If a man is fencing in a rectangular lot of grass next to the road and doesnt want to fence the side touching the road and has 248 feet of fence, whats the maximum area he can fence?
If we use h and w for length and width, with length parallel to the road,
perimeter p = 2w+h = 248
Area = w*h = w(248-2w) = 248w - 2w^2
We want to maximize the area, so we take the derivative and set it to zero.
248-4w = 0
w = 62
So, h = 124
Maximum area = 62*124 = 7688 sq ft
For a given perimeter, a square has maximum area. Here, we use the road as one side, so we get to enclose two squares instead of one.
To find the maximum area he can fence, we need to consider that one side of the rectangle is already fenced, leaving three sides to enclose the maximum area. Let's denote the length of the side parallel to the road as 'x' and the width as 'y'.
Given that the total fence length available is 248 feet, we can set up the equation:
2x + y = 248
This equation represents the sum of the three sides of the rectangle: two sides of length 'x' and one side of length 'y'.

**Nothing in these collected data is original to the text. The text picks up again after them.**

lemma inverse_pow_mnorm_le_prod:
  assumes \<nu>: "1 \<le> \<nu>"
  shows "1 / (1 + mnorm \<nu> m) ^ (\<nu> + 1)
    \<le> (\<Prod>i<\<nu>. (1 + real_of_int \<bar>m i\<bar>) powr -(real (\<nu> + 1) / real \<nu>))"
proof -
  define M where "M = 1 + mnorm \<nu> m"
  have M: "1 \<le> M" using mnorm_nonneg[of \<nu> m] by (simp add: M_def)
  have "M powr real (\<nu> + 1) = M ^ (\<nu> + 1)"
    using M by (subst powr_realpow) auto
  then have "1 / M ^ (\<nu> + 1) = M powr -real (\<nu> + 1)"
    by (simp only: powr_minus inverse_eq_divide)
  also have "\<dots> = (M powr -(real (\<nu> + 1) / real \<nu>)) ^ \<nu>"
    using M \<nu> by (simp add: powr_powr flip: powr_realpow)
  also have "\<dots> = (\<Prod>i<\<nu>. M powr -(real (\<nu> + 1) / real \<nu>))" by simp
  also have "\<dots> \<le> (\<Prod>i<\<nu>. (1 + real_of_int \<bar>m i\<bar>) powr -(real (\<nu> + 1) / real \<nu>))"
    using abs_le_mnorm[of _ \<nu> m] \<nu> by (intro prod_mono conjI powr_mono2') (auto simp: M_def)
  finally show ?thesis unfolding M_def .
qed

lemma infsum_inverse_pow_mnorm_lt_top:
  assumes \<nu>: "1 \<le> \<nu>"
  shows "(\<Sum>\<^sub>\<infinity>m\<in>lattice \<nu>. ennreal (1 / (1 + mnorm \<nu> m) ^ (\<nu> + 1))) < \<infinity>"
proof -
  define p where "p = real (\<nu> + 1) / real \<nu>"
  have p: "1 < p" using \<nu> by (simp add: p_def field_simps)
  have "ennreal (1 / (1 + mnorm \<nu> m) ^ (\<nu> + 1))
      \<le> ennreal (\<Prod>i<\<nu>. (1 + real_of_int \<bar>m i\<bar>) powr -p)" for m
    unfolding p_def by (intro ennreal_leI inverse_pow_mnorm_le_prod[OF \<nu>])
  then have "(\<Sum>\<^sub>\<infinity>m\<in>lattice \<nu>. ennreal (1 / (1 + mnorm \<nu> m) ^ (\<nu> + 1)))
      \<le> (\<Sum>\<^sub>\<infinity>m\<in>lattice \<nu>. ennreal (\<Prod>i<\<nu>. (1 + real_of_int \<bar>m i\<bar>) powr -p))"
    by (intro infsum_mono nonneg_summable_on_complete) simp_all
  also have "\<dots> \<le> ennreal ((2 * (\<Sum>j. (1 + real j) powr -p)) ^ \<nu>)"
    using p by (intro infsum_lattice_prod_le sum_int_powr_le) simp_all
  also have "\<dots> < \<infinity>" by simp
  finally show ?thesis .
qed

lemma bij_betw_diff_lattice:
  assumes "n \<in> lattice \<nu>"
  shows "bij_betw (\<lambda>m i. n i - m i) (lattice \<nu>) (lattice \<nu>)"
  by (rule bij_betw_byWitness[where f' = "\<lambda>m i. n i - m i"]) (use assms in \<open>auto simp: lattice_def\<close>)

lemma one_le_Dconst: "1 \<le> Dconst \<nu> x"
proof -
  let ?f = "\<lambda>m. ennreal (wt \<nu> x (1/4) (\<lambda>i. 0) / (wt \<nu> x (1/4) m * wt \<nu> x (1/4) (\<lambda>i. 0 - m i)))"
  have zero: "(\<lambda>i. 0) \<in> lattice \<nu>" by (simp add: lattice_def)
  have "1 = (\<Sum>\<^sub>\<infinity>m\<in>{\<lambda>i. 0}. ?f m)" by simp
  also have "\<dots> \<le> (\<Sum>\<^sub>\<infinity>m\<in>lattice \<nu>. ?f m)"
    using zero by (intro infsum_mono_neutral nonneg_summable_on_complete) auto
  also have "\<dots> \<le> Dconst \<nu> x"
    unfolding Dconst_def by (intro SUP_upper2[OF zero] SUP_upper2[of "1/4"]) simp_all
  finally show ?thesis .
qed
lemma cube_Cons_1:
  assumes "p < m" "\<forall>(k, b) \<in> set cs. k < m \<and> k \<noteq> p"
  shows "cube m ((p, 1) # cs) = map (\<lambda>x. x + 2 ^ (m - 1 - p)) (cube m ((p, 0) # cs))"
proof (rule sorted_distinct_set_unique)
  let ?f = "\<lambda>x::nat. x + 2 ^ (m - 1 - p)"
  have lt: "sorted_wrt (<) (map ?f (cube m ((p, 0) # cs)))"
    using sorted_cube[of m "(p, 0) # cs"] by (simp add: sorted_wrt_map)
  show "sorted (cube m ((p, 1) # cs))" "distinct (cube m ((p, 1) # cs))"
    using sorted_cube strict_sorted_iff by blast+
  show "sorted (map ?f (cube m ((p, 0) # cs)))" "distinct (map ?f (cube m ((p, 0) # cs)))"
    using lt strict_sorted_iff by blast+
  show "set (cube m ((p, 1) # cs)) = set (map ?f (cube m ((p, 0) # cs)))"
  proof (intro set_eqI iffI)
    fix y :: nat assume "y \<in> set (cube m ((p, 1) # cs))"
    then have y: "y < 2 ^ m" "bit_entry m p y = 1" "\<forall>(k, b) \<in> set cs. bit_entry m k y = b"
      by (auto simp: set_cube)
    define n where "n = m - 1 - p"
    have "bit y n" using y(2) unfolding bit_entry_eq_1_iff n_def .
    define x where "x = unset_bit n y"
    have "y = set_bit n x"
      unfolding x_def by (rule bit_eqI) (auto simp: bit_set_bit_iff bit_unset_bit_iff \<open>bit y n\<close>)
    then have y_eq: "y = ?f x" by (simp add: set_bit_eq x_def bit_unset_bit_iff n_def)
    have x: "x < 2 ^ m" "bit_entry m p x = 0"
      using y(1) y_eq by linarith (simp add: x_def n_def bit_entry_eq_0_iff bit_unset_bit_iff)
    have "bit_entry m k x = b" if kb: "(k, b) \<in> set cs" for k b
    proof -
      have "k < m" "k \<noteq> p" using kb assms(2) by auto
      then show ?thesis using kb y(3) add_pow_bit_entry(2)[OF assms(1) x, of k] y_eq by auto
    qed
    then show "y \<in> set (map ?f (cube m ((p, 0) # cs)))"
      using x by (auto simp: set_cube y_eq)
  next
    fix y :: nat assume "y \<in> set (map ?f (cube m ((p, 0) # cs)))"
    then obtain x where y_eq: "y = ?f x" and x: "x < 2 ^ m" "bit_entry m p x = 0"
      and cs: "\<forall>(k, b) \<in> set cs. bit_entry m k x = b"
      by (auto simp: set_cube)
    have "bit_entry m k y = b" if kb: "(k, b) \<in> set cs" for k b
    proof -
      have "k < m" "k \<noteq> p" using kb assms(2) by auto
      then show ?thesis using kb cs add_pow_bit_entry(2)[OF assms(1) x, of k] y_eq by auto
    qed
    moreover have "y < 2 ^ m" "bit_entry m p y = 1"
      using add_pow_bit_entry[OF assms(1) x] assms(1) y_eq by auto
    ultimately show "y \<in> set (cube m ((p, 1) # cs))"
      by (auto simp: set_cube)
  qed
qed

lemma length_cube:
  assumes "distinct (map fst cs)" "\<forall>(k, b) \<in> set cs. k < m \<and> b \<le> 1"
  shows "length (cube m cs) = 2 ^ (m - length cs)"
  using assms
proof (induction cs)
  case Nil
  show ?case by (simp add: cube_def)
next
  case (Cons kb cs)
  obtain p b where kb: "kb = (p, b)" by fastforce
  have p: "p < m" "\<forall>(k, b) \<in> set cs. k < m \<and> k \<noteq> p" "b \<le> 1"
    using Cons.prems by (force simp: kb)+
  have "length (cube m ((p, 0) # cs)) + length (cube m ((p, 1) # cs)) = length (cube m cs)"
  proof -
    have "(bit_entry m p x \<noteq> 0) = (bit_entry m p x = 1)" for x
      using bit_entry_cases[of m p x] by linarith
    then show ?thesis
      using sum_length_filter_compl[of "\<lambda>x. bit_entry m p x = 0" "cube m cs"] by (simp add: cube_Cons)
  qed
  moreover have "length (cube m ((p, 1) # cs)) = length (cube m ((p, 0) # cs))"
    using cube_Cons_1[OF p(1,2)] by simp
  moreover have "length cs < m"
  proof -
    have "fst ` set (kb # cs) \<subseteq> {..<m}" using Cons.prems(2) by auto
    then have "card (set (map fst (kb # cs))) \<le> m" by (metis card_lessThan card_mono finite_lessThan set_map)
    then show ?thesis using Cons.prems(1) distinct_card by fastforce
  qed
  moreover have "length (cube m cs) = 2 ^ (m - length cs)"
    using Cons by simp
  moreover have "m - length cs = Suc (m - Suc (length cs))"
    using \<open>length cs < m\<close> by simp
  ultimately have "length (cube m ((p, c) # cs)) = 2 ^ (m - Suc (length cs))" if "c \<le> 1" for c
    using that by (auto simp: le_Suc_eq)
  then show ?case using p(3) by (simp add: kb)
qed

definition partner :: "nat \<Rightarrow> nat" where
  "partner i = (if even i then i + 1 else i - 1)"

lemma partner_partner: "partner (partner i) = i"
  by (simp add: partner_def)

lemma partner_neq: "partner i \<noteq> i"
  unfolding partner_def by presburger

lemma partner_less: "i < 2 * (m div 2) \<Longrightarrow> partner i < 2 * (m div 2)"
  by (simp add: partner_def) presburger

lemma two_le_if_paired: "i < 2 * (m div 2) \<Longrightarrow> 2 \<le> (m::nat)"
  by presburger

lemma matching_paired:
  assumes "i < 2 * (m div 2)"
  shows "matching m i =
    (cube m [(i, 0), (partner i, 0)] @ cube m [(i, 0), (partner i, 1)],
     cube m [(i, 1), (partner i, 0)] @ cube m [(i, 1), (partner i, 1)])"
proof (cases "even i")
  case True
  then show ?thesis using assms by (simp add: matching_def partner_def)
next
  case False
  have swap: "cube m [(i - Suc 0, b), (i, c)] = cube m [(i, c), (i - Suc 0, b)]" for b c
    by (rule cube_cong) auto
  show ?thesis using assms False by (simp add: matching_def partner_def swap)
qed

lemma matching_unpaired:
  assumes "i < m" "\<not> i < 2 * (m div 2)"
  shows "matching m i = (cube m [(i, 0)], cube m [(i, 1)])"
proof -
  have "i = m - 1" using assms by presburger
  then show ?thesis using assms(2) by (simp add: matching_def)
qed

lemma snd_matching:
  assumes "i < m"
  shows "snd (matching m i) = map (\<lambda>x. x + 2 ^ (m - 1 - i)) (fst (matching m i))"
proof (cases "i < 2 * (m div 2)")
  case True
  have "partner i < m" using partner_less[OF True] by linarith
  then have "cube m [(i, 1), (partner i, b)] = map (\<lambda>x. x + 2 ^ (m - 1 - i)) (cube m [(i, 0), (partner i, b)])"
    for b using cube_Cons_1[of i m "[(partner i, b)]"] assms partner_neq by auto
  then show ?thesis by (simp add: matching_paired[OF True])
next
  case False
  then show ?thesis using cube_Cons_1[of i m "[]"] assms by (simp add: matching_unpaired)
qed

lemma set_matching:
  assumes "i < m"
  shows "set (fst (matching m i)) = {x. x < 2 ^ m \<and> bit_entry m i x = 0}"
    and "set (snd (matching m i)) = {x. x < 2 ^ m \<and> bit_entry m i x = 1}"
proof -
  have "set (fst (matching m i)) = {x. x < 2 ^ m \<and> bit_entry m i x = 0} \<and>
        set (snd (matching m i)) = {x. x < 2 ^ m \<and> bit_entry m i x = 1}"
  proof (cases "i < 2 * (m div 2)")
    case True
    then show ?thesis
      using bit_entry_cases[of m "partner i"] by (auto simp: matching_paired set_cube)
  next
    case False
    then show ?thesis using assms by (simp add: matching_unpaired set_cube)
  qed
  then show "set (fst (matching m i)) = {x. x < 2 ^ m \<and> bit_entry m i x = 0}"
    and "set (snd (matching m i)) = {x. x < 2 ^ m \<and> bit_entry m i x = 1}"
    by auto
qed

lemma length_quarter_cube:
  assumes "i < 2 * (m div 2)" "b \<le> 1" "c \<le> 1"
  shows "length (cube m [(i, b), (partner i, c)]) = 2 ^ m div 4"
proof -
  have "partner i < 2 * (m div 2)" using partner_less[OF assms(1)] .
  then have "length (cube m [(i, b), (partner i, c)]) = 2 ^ (m - 2)"
    using assms partner_neq[of i] by (subst length_cube) auto
  moreover obtain k where "m = k + 2"
    using two_le_if_paired[OF assms(1)] le_add_diff_inverse2 by metis
  ultimately show ?thesis by simp
qed

lemma length_matching:
  assumes "i < m"
  shows "length (fst (matching m i)) = 2 ^ m div 2"
proof (cases "i < 2 * (m div 2)")
  case True
  then obtain k where "m = k + 2"
    using two_le_if_paired le_add_diff_inverse2 by metis
  then show ?thesis
    using length_quarter_cube[OF True] unfolding matching_paired[OF True] by simp
next
  case False
  then show ?thesis using assms by (subst matching_unpaired) (auto simp: length_cube power_diff)
qed

lemma length_snd_matching: "i < m \<Longrightarrow> length (snd (matching m i)) = 2 ^ m div 2"
  by (simp add: snd_matching length_matching)

lemma nth_matching_bits:
  assumes "i < m" "s < 2 ^ m div 2"
  shows "fst (matching m i) ! s < 2 ^ m" "bit_entry m i (fst (matching m i) ! s) = 0"
    and "snd (matching m i) ! s < 2 ^ m" "bit_entry m i (snd (matching m i) ! s) = 1"
proof -
  have "fst (matching m i) ! s \<in> set (fst (matching m i))"
    "snd (matching m i) ! s \<in> set (snd (matching m i))"
    using assms length_matching length_snd_matching by simp_all
  then show "fst (matching m i) ! s < 2 ^ m" "bit_entry m i (fst (matching m i) ! s) = 0"
    "snd (matching m i) ! s < 2 ^ m" "bit_entry m i (snd (matching m i) ! s) = 1"
    unfolding set_matching[OF assms(1)] by simp_all
qed

lemma nth_snd_matching:
  "i < m \<Longrightarrow> s < 2 ^ m div 2 \<Longrightarrow> snd (matching m i) ! s = fst (matching m i) ! s + 2 ^ (m - 1 - i)"
  by (simp add: snd_matching length_matching)

lemma nth_matching_partner_bits:
  assumes paired: "i < 2 * (m div 2)" and s: "s < 2 ^ m div 2"
  shows "bit_entry m (partner i) (fst (matching m i) ! s) = of_bool (2 ^ m div 4 \<le> s)"
    and "bit_entry m (partner i) (snd (matching m i) ! s) = of_bool (2 ^ m div 4 \<le> s)"
proof -
  let ?Q = "2 ^ m div 4" and ?A = "\<lambda>b. cube m [(i, 0), (partner i, b)]"
  have i: "i < m" and p: "partner i < m" "partner i \<noteq> i"
    using paired partner_less[OF paired] partner_neq[of i] by linarith+
  have A: "length (?A b) = ?Q" if "b \<le> 1" for b
    using length_quarter_cube[OF paired] that by simp
  have A_bits: "x \<in> set (?A b) \<Longrightarrow> bit_entry m (partner i) x = b" for x b
    by (simp add: set_cube)
  have "s - ?Q < ?Q" if "?Q \<le> s"
    using s that length_matching[OF i] A by (simp add: matching_paired[OF paired])
  then show fst: "bit_entry m (partner i) (fst (matching m i) ! s) = of_bool (?Q \<le> s)"
    using A A_bits nth_mem by (auto simp: matching_paired[OF paired] nth_append)
  show "bit_entry m (partner i) (snd (matching m i) ! s) = of_bool (?Q \<le> s)"
    using fst p add_pow_bit_entry(2)[OF i nth_matching_bits(1,2)[OF i s] p(1)]
    by (simp add: nth_snd_matching[OF i s])
qed
lemma of_real_half_double: "of_real (1/2) * (a + a) = (a :: 'a)"
proof -
  have "of_real (1/2) * (a + a) = of_real (1/2 * 2) * a"
    by (simp add: mult_2[symmetric] mult.assoc del: times_divide_eq_left)
  then show ?thesis
    by simp
qed

lemma br_add_br_commute: "br x y + br y x = Dop (pair x y)"
proof (rule pair_eqI)
  fix z
  have "pair (br (x + y) (x + y)) z
      = pair (br x x) z + pair (br y y) z + pair (br x y + br y x) z"
    by (simp add: br_add_left br_add_right pair_add algebra_simps)
  moreover have "rho z (pair (x + y) (x + y))
      = rho z (pair x x) + rho z (pair y y) + (rho z (pair x y) + rho z (pair x y))"
    by (simp only: pair_add pair_add_right pair_sym[of y x] rho_deriv_add add_ac)
  ultimately have "pair (br x y + br y x) z
      = of_real (1/2) * (rho z (pair x y) + rho z (pair x y))"
    by (simp add: ax_ii distrib_left)
  then show "pair (br x y + br y x) z = pair (Dop (pair x y)) z"
    by (simp only: of_real_half_double Dop_def)
qed

lemma br_Dop_right: "br y (Dop f) = Dop (rho y f)"
proof (rule pair_eqI)
  fix z
  have "pair (br y (Dop f)) z = rho y (rho z f) - rho (br y z) f"
    using ax_iii[of y "Dop f" z] by (simp add: Dop_def algebra_simps)
  also have "\<dots> = rho z (rho y f)"
    by (simp add: ax_i)
  finally show "pair (br y (Dop f)) z = pair (Dop (rho y f)) z"
    by (simp add: Dop_def)
qed

lemma br_Dop_left: "br (Dop f) y = 0"
  using br_add_br_commute[of "Dop f" y] by (simp add: br_Dop_right Dop_def)

lemma rho_jacobiator: "rho (jacobiator br a b c) g = 0"
  by (simp add: jacobiator_def rho_diff_left ax_i rho_diff_right)

lemma jacobiator_Dop_left: "jacobiator br (Dop f) b c = 0"
  by (simp add: jacobiator_def br_Dop_left br_Dop_right)

lemma jacobiator_swap_12: "jacobiator br b a c = - jacobiator br a b c"
proof -
  have "br (br a b) c + br (br b a) c = 0"
    by (simp add: br_add_left[symmetric] br_add_br_commute br_Dop_left)
  then have "br (br b a) c = - br (br a b) c"
    by (simp add: eq_neg_iff_add_eq_0 add.commute)
  then show ?thesis
    by (simp add: jacobiator_def algebra_simps)
qed

lemma jacobiator_swap_23: "jacobiator br a c b = - jacobiator br a b c"
proof -
  have inner: "br a (br c b) = br a (Dop (pair b c)) - br a (br b c)"
    using arg_cong[of _ _ "br a", OF br_add_br_commute[of b c]]
    by (simp add: br_add_right eq_diff_eq add.commute)
  have outer_c: "br c (br a b) = Dop (pair (br a b) c) - br (br a b) c"
    using br_add_br_commute[of "br a b" c] by (simp add: eq_diff_eq add.commute)
  have outer_b: "br b (br a c) = Dop (pair (br a c) b) - br (br a c) b"
    using br_add_br_commute[of "br a c" b] by (simp add: eq_diff_eq add.commute)
  have "br a (Dop (pair b c)) = Dop (pair (br a b) c) + Dop (pair (br a c) b)"
    by (simp add: br_Dop_right ax_iii pair_sym[of b "br a c"] Dop_add)
  then show ?thesis
    by (simp add: jacobiator_def inner outer_c outer_b algebra_simps)
qed

lemma pair_br_br:
  "pair (br a (br b c)) d = rho a (rho b (pair c d)) - pair (br a c) (br b d)
     - pair c (br a (br b d)) - pair (br b c) (br a d)"
proof -
  have "pair (br a (br b c)) d = rho a (pair (br b c) d) - pair (br b c) (br a d)"
    using ax_iii[of a "br b c" d] by (simp add: algebra_simps)
  also have "pair (br b c) d = rho b (pair c d) - pair c (br b d)"
    using ax_iii[of b c d] by (simp add: algebra_simps)
  finally show ?thesis
    using ax_iii[of a c "br b d"] by (simp add: rho_diff_right algebra_simps)
qed

text \<open>The second-order terms \<open>\<rho>(a)\<rho>(b)\<langle>c,d\<rangle> - \<rho>(b)\<rho>(a)\<langle>c,d\<rangle>\<close> of the
  two double brackets cancel against \<open>\<rho>(a\<circ>b)\<langle>c,d\<rangle>\<close> by (i).\<close>

lemma pair_jacobiator_swap_34: "pair (jacobiator br a b c) d = - pair (jacobiator br a b d) c"
proof -
  have "pair (br (br a b) c) d = rho a (rho b (pair c d)) - rho b (rho a (pair c d))
      - pair c (br (br a b) d)"
    using ax_iii[of "br a b" c d] by (simp add: ax_i algebra_simps)
  then have "pair (jacobiator br a b c) d
      = - pair c (br a (br b d)) + pair c (br (br a b) d) + pair c (br b (br a d))"
    by (simp add: jacobiator_def pair_diff_left pair_br_br[of a b] pair_br_br[of b a]
        pair_sym[of "br b c" "br a d"])
  also have "\<dots> = - pair (jacobiator br a b d) c"
    by (simp add: jacobiator_def pair_diff_left pair_sym[of c])
  finally show ?thesis .
qed

lemma pair_jacobiator_swap_12: "pair (jacobiator br b a c) d = - pair (jacobiator br a b c) d"
  by (subst jacobiator_swap_12) (rule pair_minus_left)

lemma pair_jacobiator_swap_23: "pair (jacobiator br a c b) d = - pair (jacobiator br a b c) d"
  by (subst jacobiator_swap_23) (rule pair_minus_left)

lemma pair_jacobiator_rotate: "pair (jacobiator br x b c) d = - pair (jacobiator br b c d) x"
  by (simp only: pair_jacobiator_swap_12[of x b] pair_jacobiator_swap_23[of b x]
      pair_jacobiator_swap_34[of b c x] minus_minus)

lemma pair_jacobiator_move_2: "pair (jacobiator br a x c) d = pair (jacobiator br a c d) x"
  by (simp only: pair_jacobiator_swap_23[of a x] pair_jacobiator_swap_34[of a c x] minus_minus)

lemma flat_jac_list: "flat pair (jac_list br) [a, b, c, d] = pair (jacobiator br a b c) d"
  by (simp add: flat_def jac_list_def)

lemma skew_flat_jac_list: "skew 4 (flat pair (jac_list br))"
  unfolding skew_def
proof (intro allI impI)
  fix xs :: "'e list" and i j :: nat
  assume "length xs = 4" "i < j" "j < 4"
  then obtain a b c d where xs: "xs = [a, b, c, d]"
    by (auto simp: length_eq_4_conv)
  have transp_13: "pair (jacobiator br c b a) d = - pair (jacobiator br a b c) d"
    by (simp only: pair_jacobiator_swap_12[of c b a d] pair_jacobiator_swap_23[of b c a d]
        pair_jacobiator_swap_12[of b a c d] minus_minus)
  have transp_14: "pair (jacobiator br d b c) a = - pair (jacobiator br a b c) d"
    by (simp only: pair_jacobiator_swap_12[of d b c a] pair_jacobiator_swap_23[of b d c a]
        pair_jacobiator_swap_34[of b c d a] pair_jacobiator_swap_23[of b c a d]
        pair_jacobiator_swap_12[of b a c d] minus_minus)
  have transp_24: "pair (jacobiator br a d c) b = - pair (jacobiator br a b c) d"
    by (simp only: pair_jacobiator_swap_23[of a d c b] pair_jacobiator_swap_34[of a c d b]
        pair_jacobiator_swap_23[of a c b d] minus_minus)
  from \<open>i < j\<close> \<open>j < 4\<close> consider "i = 0" "j = 1" | "i = 0" "j = 2" | "i = 0" "j = 3"
    | "i = 1" "j = 2" | "i = 1" "j = 3" | "i = 2" "j = 3"
    by linarith
  then show "flat pair (jac_list br) (xs[i := xs ! j, j := xs ! i]) = - flat pair (jac_list br) xs"
    by cases (simp_all add: xs flat_jac_list eval_nat_numeral transp_13 transp_14 transp_24
        pair_jacobiator_swap_12[of b a c d] pair_jacobiator_swap_23[of a c b d]
        pair_jacobiator_swap_34[of a b d c])
qed

text \<open>Linearity in the last slot is that of the pairing; total skew-symmetry moves
  every other slot there.\<close>

lemma multilin_flat_jac_list: "multilin smult (*) 4 (flat pair (jac_list br))"
  unfolding multilin_def
proof (intro allI impI)
  fix xs :: "'e list" and i :: nat and x y and f :: 'a
  assume "length xs = 4" "i < 4"
  then obtain a b c d where xs: "xs = [a, b, c, d]"
    by (auto simp: length_eq_4_conv)
  from \<open>i < 4\<close> consider "i = 0" | "i = 1" | "i = 2" | "i = 3"
    by linarith
  then show "flat pair (jac_list br) (xs[i := x + y])
        = flat pair (jac_list br) (xs[i := x]) + flat pair (jac_list br) (xs[i := y]) \<and>
      flat pair (jac_list br) (xs[i := smult f x]) = f * flat pair (jac_list br) (xs[i := x])"
    by cases (simp_all add: xs flat_jac_list eval_nat_numeral pair_jacobiator_rotate[of _ b c d]
        pair_jacobiator_move_2[of a _ c d] pair_jacobiator_swap_34[of a b _ d]
        pair_add_right pair_smult_right algebra_simps)
qed

lemma jacobiator_smult_1: "jacobiator br (smult f x) b c = smult f (jacobiator br x b c)"
  by (rule pair_eqI) (simp add: pair_smult pair_jacobiator_rotate[of _ b c] pair_smult_right)

lemma jacobiator_smult_2: "jacobiator br a (smult f x) c = smult f (jacobiator br a x c)"
  by (rule pair_eqI) (simp add: pair_smult pair_jacobiator_move_2[of a _ c] pair_smult_right)

lemma jacobiator_smult_3: "jacobiator br a b (smult f x) = smult f (jacobiator br a b x)"
  by (rule pair_eqI)
    (simp add: pair_smult pair_jacobiator_swap_34[of a b "smult f x"]
      pair_jacobiator_swap_34[of a b x] pair_smult_right)

lemma jacobiator_add_1: "jacobiator br (x + y) b c = jacobiator br x b c + jacobiator br y b c"
  and jacobiator_add_2: "jacobiator br a (x + y) c = jacobiator br a x c + jacobiator br a y c"
  and jacobiator_add_3: "jacobiator br a b (x + y) = jacobiator br a b x + jacobiator br a b y"
  by (simp_all add: jacobiator_def br_add_left br_add_right algebra_simps)

lemma multilin_jac_list: "multilin smult smult 3 (jac_list br)"
  unfolding multilin_def
proof (intro allI impI)
  fix xs :: "'e list" and i :: nat and x y and f :: 'a
  assume "length xs = 3" "i < 3"
  then obtain a b c where xs: "xs = [a, b, c]"
    by (auto simp: length_eq_3_conv)
  from \<open>i < 3\<close> consider "i = 0" | "i = 1" | "i = 2"
    by linarith
  then show "jac_list br (xs[i := x + y]) = jac_list br (xs[i := x]) + jac_list br (xs[i := y]) \<and>
      jac_list br (xs[i := smult f x]) = smult f (jac_list br (xs[i := x]))"
    by cases (simp_all add: xs jac_list_def eval_nat_numeral jacobiator_add_1 jacobiator_add_2
        jacobiator_add_3 jacobiator_smult_1 jacobiator_smult_2 jacobiator_smult_3)
qed

lemma cochain_Ker_jac_list: "cochain_Ker smult pair rho Dop 3 (jac_list br)"
  unfolding cochain_Ker_def
proof (intro conjI allI impI)
  show "multilin smult smult 3 (jac_list br)"
    by (rule multilin_jac_list)
  show "skew (Suc 3) (flat pair (jac_list br))"
    using skew_flat_jac_list by (simp add: eval_nat_numeral)
  show "rho (jac_list br xs) = (\<lambda>_. 0)" for xs
    by (simp add: jac_list_def rho_jacobiator fun_eq_iff)
  show "jac_list br (Dop f # xs) = 0" for f xs
    by (simp add: jac_list_def jacobiator_Dop_left)
qed

lemma cochain_D_flat_jac_list: "cochain_D smult Dop 4 (flat pair (jac_list br))"
  unfolding cochain_D_def
proof (intro conjI allI impI)
  show "multilin smult (*) 4 (flat pair (jac_list br))"
    by (rule multilin_flat_jac_list)
  show "skew 4 (flat pair (jac_list br))"
    by (rule skew_flat_jac_list)
  fix f and xs :: "'e list"
  assume "Suc (length xs) = 4"
  then obtain a b c where "xs = [a, b, c]"
    by (auto simp: length_eq_3_conv)
  then show "flat pair (jac_list br) (Dop f # xs) = 0"
    by (simp add: flat_jac_list jacobiator_Dop_left)
qed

Now, we need to express 'y' in terms of 'x' to get the area. Solving the equation for 'y', we have:
y = 248 - 2x
The area of the rectangle, A, is given by:
A = x * y
Substituting the value of 'y' obtained above, we have:
A = x * (248 - 2x)
To maximize the area, we can take the derivative of the area equation with respect to 'x' and set it equal to zero:
dA/dx = 0
Let's find the derivative:
dA/dx = 248 - 4x
Setting it equal to zero and solving for 'x':
248 - 4x = 0
4x = 248
x = 248/4
x = 62
Now that we have the value of 'x', we can substitute it back into the equation for 'y' to find the corresponding value:
y = 248 - 2x
y = 248 - 2*62
y = 248 - 124
y = 124
Therefore, the dimensions of the rectangle that maximize the area are 62 feet by 124 feet.
To find the maximum area, we can substitute these values back into the area formula:
A = x * y
A = 62 * 124
A = 7688 square feet
Hence, the maximum area he can fence is 7688 square feet.